Notice of Public Comment Period
Board of Pharmacy
Regulations Governing Pharmaceutical Processors
In accordance with subsection N of § 54.1-3442.6 of the Code of Virginia, the Board of Pharmacy is providing an opportunity to comment on a draft of proposed regulations for pharmaceutical processors that will be considered for adoption as an exempt action.
The proposed regulations address access to data in order to determine eligibility to enter a pharmaceutical processor or cannabis dispensing facility (Section 210) and labeling of dispensed cannabis products (Section 310).
The 2021 legislation requires posting of a notice 60 days in advance of submittals for public comment. The Board of Pharmacy is scheduled to meet on March 15, 2022 with the intent of adopting amendments to 18VAC110-60 (Regulations Governing Pharmaceutical Processors) by exempt action.
The Board will receive public comment from January 3, 2022 to March 4, 2022. Comments received during that period will be included in the Board’s agenda package for the March meeting.
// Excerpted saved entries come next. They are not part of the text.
(* There is a constant $c$ such that for every $\ell\in\mathbb N$ and every finite alphabet $\Gamma_2$ disjoint from $\Gamma_1=\{0,1,\mathsf{inc},\mathsf{dec}\}$, there are $\ell$ DFAs $B_1,\dots,B_\ell$ over $\Gamma_1\cup\Gamma_2$, each with at most $c\cdot\ell$ states, such that $L_\ell=\bigcap_{i=1}^{\ell}L(B_i)$.
   Context: For a word $b_1b_2\cdots b_\ell\in\{0,1\}^\ell$ let $\mathsf{val}(b_1\cdots b_\ell)=\sum_i b_i 2^{\ell-i}$. Interpret $\mathsf{inc}(n)=n+1$, $\mathsf{dec}(n)=n-1$ and $a(n)=n$ for $a\in\Gamma_2$. Then $L_\ell$ is the set of words $n_0o_1n_1o_2n_2\cdots o_kn_k$ with $k\ge 0$, each $n_i\in\{0,1\}^\ell$, each $o_i\in\{\mathsf{inc},\mathsf{dec}\}\cup\Gamma_2$, and $\mathsf{val}(n_i)\equiv o_i(\mathsf{val}(n_{i-1}))\pmod{2^\ell}$ for all $0<i\le k$. *)

theory Defs
  imports Main
begin

text \<open>Symbols of the alphabet Gamma_1 \<union> Gamma_2: the four letters of Gamma_1 = {0,1,inc,dec}
  and the letters of Gamma_2, tagged by the constructor Oth (so the two parts are disjoint).\<close>
datatype 'a sym = Zero | One | Inc | Dec | Oth 'a

definition Sigma :: "'a set \<Rightarrow> 'a sym set" where
  "Sigma G2 = {Zero, One, Inc, Dec} \<union> Oth ` G2"

record 's dfa =
  init :: nat
  trans :: "nat \<Rightarrow> 's \<Rightarrow> nat"
  accept :: "nat set"
  Q :: "nat set"

definition wf_dfa :: "'s set \<Rightarrow> 's dfa \<Rightarrow> bool" where
  "wf_dfa S A \<longleftrightarrow> finite (Q A) \<and> init A \<in> Q A \<and> accept A \<subseteq> Q A \<and>
     (\<forall>q\<in>Q A. \<forall>s\<in>S. trans A q s \<in> Q A)"

definition dfa_lang :: "'s set \<Rightarrow> 's dfa \<Rightarrow> 's list set" where
  "dfa_lang S A = {w. set w \<subseteq> S \<and> foldl (trans A) (init A) w \<in> accept A}"

definition val :: "bool list \<Rightarrow> int" where
  "val bs = foldl (\<lambda>acc b. 2 * acc + (if b then 1 else 0)) 0 bs"

definition bits :: "bool list \<Rightarrow> 'a sym list" where
  "bits bs = map (\<lambda>b. if b then One else Zero) bs"

fun opval :: "'a sym \<Rightarrow> int \<Rightarrow> int" where
  "opval Inc n = n + 1"
| "opval Dec n = n - 1"
| "opval _ n = n"

definition encode :: "bool list list \<Rightarrow> 'a sym list \<Rightarrow> 'a sym list" where
  "encode ns os = bits (ns ! 0) @ concat (map (\<lambda>i. os ! i # bits (ns ! (i + 1))) [0..<length os])"

definition Lang :: "nat \<Rightarrow> 'a set \<Rightarrow> 'a sym list set" where
  "Lang l G2 = {encode ns os | ns os.
      length ns = length os + 1 \<and>
      (\<forall>n\<in>set ns. length n = l) \<and>
      (\<forall>x\<in>set os. x \<in> {Inc, Dec} \<union> Oth ` G2) \<and>
      (\<forall>i<length os. val (ns ! (i + 1)) mod 2 ^ l = opval (os ! i) (val (ns ! i)) mod 2 ^ l)}"

end

theory Submission
  imports Defs "HOL-Library.Countable" "HOL-Library.Cardinality"
begin

(* Write each n_i most significant bit first. Modulo 2^l, adding 1 to n flips bit k exactly when
   all bits of n after position k are 1, subtracting 1 flips it exactly when they are all 0, and
   the letters of Gamma_2 flip nothing. So the congruence between consecutive blocks splits into
   l bitwise conditions. The k-th one is checked by a DFA that remembers its position in the
   current block (l + 1 values), the value that bit k of the block must have, the actual bit k,
   and whether the bits after it are all 1 or all 0: 24 l + 25 states. *)

definition dfa_of :: "'q::countable \<Rightarrow> ('q \<Rightarrow> 's \<Rightarrow> 'q) \<Rightarrow> 'q set \<Rightarrow> 'q set \<Rightarrow> 's dfa" where
  "dfa_of q0 \<delta> F D =
     \<lparr>init = to_nat q0, trans = \<lambda>n x. to_nat (\<delta> (from_nat n) x), accept = to_nat ` F, Q = to_nat ` D\<rparr>"

lemma foldl_trans_dfa_of:
  "foldl (trans (dfa_of q0 \<delta> F D)) (to_nat q) w = to_nat (foldl \<delta> q w)"
  by (induction w arbitrary: q) (simp_all add: dfa_of_def)

lemma dfa_lang_dfa_of:
  "dfa_lang S (dfa_of q0 \<delta> F D) = {w. set w \<subseteq> S \<and> foldl \<delta> q0 w \<in> F}"
  using foldl_trans_dfa_of[of q0 \<delta> F D q0]
  by (simp add: dfa_lang_def dfa_of_def inj_image_mem_iff)

lemma wf_dfa_of:
  assumes "finite D" "q0 \<in> D" "F \<subseteq> D" "\<And>q x. q \<in> D \<Longrightarrow> x \<in> S \<Longrightarrow> \<delta> q x \<in> D"
  shows "wf_dfa S (dfa_of q0 \<delta> F D)"
  using assms by (auto simp: wf_dfa_def dfa_of_def)

lemma card_Q_dfa_of: "card (Q (dfa_of q0 \<delta> F D)) = card D"
  by (simp add: dfa_of_def card_image)

lemma val_snoc: "val (xs @ [b]) = 2 * val xs + (if b then 1 else 0)"
  by (simp add: val_def)

lemma val_nonneg: "0 \<le> val xs"
  by (induction xs rule: rev_induct) (simp_all add: val_snoc, simp add: val_def)

lemma val_less: "val xs < 2 ^ length xs"
  by (induction xs rule: rev_induct) (simp_all add: val_snoc, simp add: val_def)

lemma val_mod_self: "val xs mod 2 ^ length xs = val xs"
  by (simp add: val_nonneg val_less)

lemma val_inj:
  assumes "length xs = length ys" and "val xs = val ys"
  shows "xs = ys"
  using assms
proof (induction xs ys rule: rev_induct2)
  case (4 x xs y ys)
  then show ?case by (simp add: val_snoc split: if_splits; presburger)
qed simp_all

lemma double_add_mod_double:
  fixes a m r :: int
  assumes "0 \<le> m" and "r \<in> {0, 1}"
  shows "(2 * a + r) mod (2 * m) = 2 * (a mod m) + r"
  using zmod_zmult2_eq[OF assms(1), of "2 * a + r" 2] assms(2) by auto

definition all_after :: "bool \<Rightarrow> bool list \<Rightarrow> nat \<Rightarrow> bool" where
  "all_after b xs k \<longleftrightarrow> (\<forall>j. k < j \<and> j < length xs \<longrightarrow> xs ! j = b)"

lemma all_after_snoc:
  "k < length xs \<Longrightarrow> all_after b (xs @ [y]) k \<longleftrightarrow> all_after b xs k \<and> y = b"
  by (auto simp: all_after_def nth_append less_Suc_eq)

lemma all_after_last: "all_after b (xs @ [y]) (length xs)"
  by (auto simp: all_after_def)

definition ripple :: "bool \<Rightarrow> bool list \<Rightarrow> bool list" where
  "ripple c xs = map (\<lambda>k. xs ! k \<noteq> all_after c xs k) [0..<length xs]"

lemma nth_ripple: "k < length xs \<Longrightarrow> ripple c xs ! k = (xs ! k \<noteq> all_after c xs k)"
  by (simp add: ripple_def)

lemma ripple_snoc:
  "ripple c (xs @ [b]) = (if b = c then ripple c xs @ [\<not> b] else xs @ [\<not> b])"
  by (rule nth_equalityI)
    (auto simp: ripple_def nth_ripple nth_append all_after_snoc all_after_last less_Suc_eq)

lemma val_ripple: "val (ripple c xs) = (val xs + (if c then 1 else - 1)) mod 2 ^ length xs"
proof (induction xs rule: rev_induct)
  case Nil
  then show ?case by (simp add: ripple_def val_def)
next
  case (snoc b xs)
  define v d where "v = val xs" and "d = (if c then 1 else - 1 :: int)"
  define M :: int where "M = 2 ^ length xs"
  have M: "0 \<le> M" "0 \<le> v" "2 * v + 1 < 2 * M"
    using val_less[of xs] val_nonneg[of xs] by (simp_all add: M_def v_def)
  have IH: "val (ripple c xs) = (v + d) mod M"
    by (simp add: snoc.IH v_def d_def M_def)
  have "val (ripple c (xs @ [b])) = (2 * v + (if b then 1 else 0) + d) mod (2 * M)"
  proof (cases "b = c")
    case True
    then have "val (ripple c (xs @ [b])) = 2 * ((v + d) mod M) + (if c then 0 else 1)"
      by (simp add: ripple_snoc val_snoc IH)
    also have "\<dots> = (2 * (v + d) + (if c then 0 else 1)) mod (2 * M)"
      by (rule double_add_mod_double[OF M(1), symmetric]) simp
    finally show ?thesis using True by (simp add: d_def algebra_simps)
  next
    case False
    then have "val (ripple c (xs @ [b])) = 2 * v + (if c then 1 else 0)"
      by (simp add: ripple_snoc val_snoc v_def)
    then show ?thesis using False M by (simp add: d_def)
  qed
  then show ?case by (simp add: val_snoc v_def d_def M_def)
qed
Comments may be sent to: firstname.lastname@example.org
Elaine J. Yeatts
Agency Regulatory Coordinator
9960 Mayland Drive
Henrico, VA 23233
Proposed amendments to 18VAC110-60: Regulations Governing Pharmaceutical Processors
18VAC110-60-210. General provisions.
A. A pharmaceutical processor or cannabis dispensing facility shall only sell cannabis products in a child-resistant, secure, and light-resistant container. Upon a written request from the registered patient, parent, legal guardian, or registered agent, the product may be dispensed in a non-child-resistant container so long as all labeling is maintained with the product.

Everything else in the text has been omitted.